Ora col touchpad la freccia si muove lentissima, non funziona il tap e neanche gli scroll...che prima andavano...

Qualcuno ha idea del perchè non consideri le mie configurazioni?

----------

## mack1

Ho aggiornato anche io oggi, solo che ho lasciato le impostazioni statiche  :Very Happy:  .

Prova a dare un'occhiata qui:

https://forums.gentoo.org/viewtopic-t-722498-highlight-xorg.html?sid=1b7242f4f3d430af4e9b1858c6b15c41

Ciao

----------

## canduc17

...mi sa che hai fatto bene, perchè io non riesco a farlo andare... :Sad: 

----------

## publiosulpicio

Scusate, ma sono l'unico che trova la guida del tutto incomprensibile? In pratica cosa bisogna fare dopo aver aggiornato?

----------

## canduc17

Quello che ho capito io è che, se vuoi, puoi configurare i tuoi device di input (mouse, tastiera, touchpad, tavoletta grafica...) con delle policy in hal, eliminandole dallo xorg.conf.

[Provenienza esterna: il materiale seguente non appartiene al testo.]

lemma finite_vecs_deg: "finite (vecs_deg n d)"
proof -
  let ?extend = "\<lambda>f i. if i < n then f i else (0::nat)"
  have "vecs_deg n d \<subseteq> ?extend ` ({..<n} \<rightarrow>\<^sub>E {..d})"
  proof
    fix x assume x: "x \<in> vecs_deg n d"
    have "x i \<le> d" if "i < n" for i
      using x member_le_sum[of i "{..<n}" x] that by (simp add: vecs_deg_def)
    then have "restrict x {..<n} \<in> {..<n} \<rightarrow>\<^sub>E {..d}"
      by auto
    moreover have "x = ?extend (restrict x {..<n})"
      using x by (auto simp: vecs_deg_def vecN_def fun_eq_iff)
    ultimately show "x \<in> ?extend ` ({..<n} \<rightarrow>\<^sub>E {..d})"
      by blast
  qed
  then show ?thesis
    by (rule finite_subset) (auto intro!: finite_imageI finite_PiE)
qed

lemma sum_vpart_mset_eq_pk:
  "(\<Sum>M\<in>vpart_mset n d. tpow n t (mset_vsum M)) = (\<Sum>x\<in>vecs_deg n d. of_nat (pk n n x) * tpow n t x)"
proof -
  have fibre_card: "card {M \<in> vpart_mset n d. mset_vsum M = x} = pk n n x" if "x \<in> vecs_deg n d" for x
  proof -
    have "{M \<in> vpart_mset n d. mset_vsum M = x} = {M. (\<forall>v\<in>#M. v \<in> vecN n \<and> v \<noteq> (\<lambda>_. 0)) \<and>
        (\<lambda>i. \<Sum>v\<in>#M. v i) = x \<and> size M \<le> n}"
      using that by (auto simp: vpart_mset_def mset_vsum_def)
    then show ?thesis
      by (simp add: pk_def)
  qed
  have "(\<Sum>M\<in>vpart_mset n d. tpow n t (mset_vsum M))
      = (\<Sum>x\<in>vecs_deg n d. of_nat (card {M \<in> vpart_mset n d. mset_vsum M = x}) * tpow n t x)"
    by (rule sum_comp_eq_sum_card_fibres[OF finite_vpart_mset finite_vecs_deg]) (auto simp: vpart_mset_def)
  also have "\<dots> = (\<Sum>x\<in>vecs_deg n d. of_nat (pk n n x) * tpow n t x)"
    using fibre_card by simp
  finally show ?thesis .
qed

In questo modo la configurazione è più flessibile. In cosa consista questa flessibilità non ho capito manco io.

Io so solo che con la tastiera ce l'ho fatta...il mio touchpad invece non va come prima...

----------

## Peach

la cosa allucinante di tutto ciò è che se ti capita di passare un fdi sbagliato, col fatto che hal non lo ricarca dinamicamente, se lo riavvii e riavvii x può capitarti di non poter far altro che riavviare la macchina,  :Twisted Evil: 

anyway

pure io sono nella tua situazione, ora sto facendo delle ricerche nel forum internazionale per vedere se salta fuori qualcosa

----------

## lucapost

Decisamente brutta situazione, qui urge una buona guida alla nuova configurazione. Anche se scopiazzando dai file fdi l'intuizione aiuta...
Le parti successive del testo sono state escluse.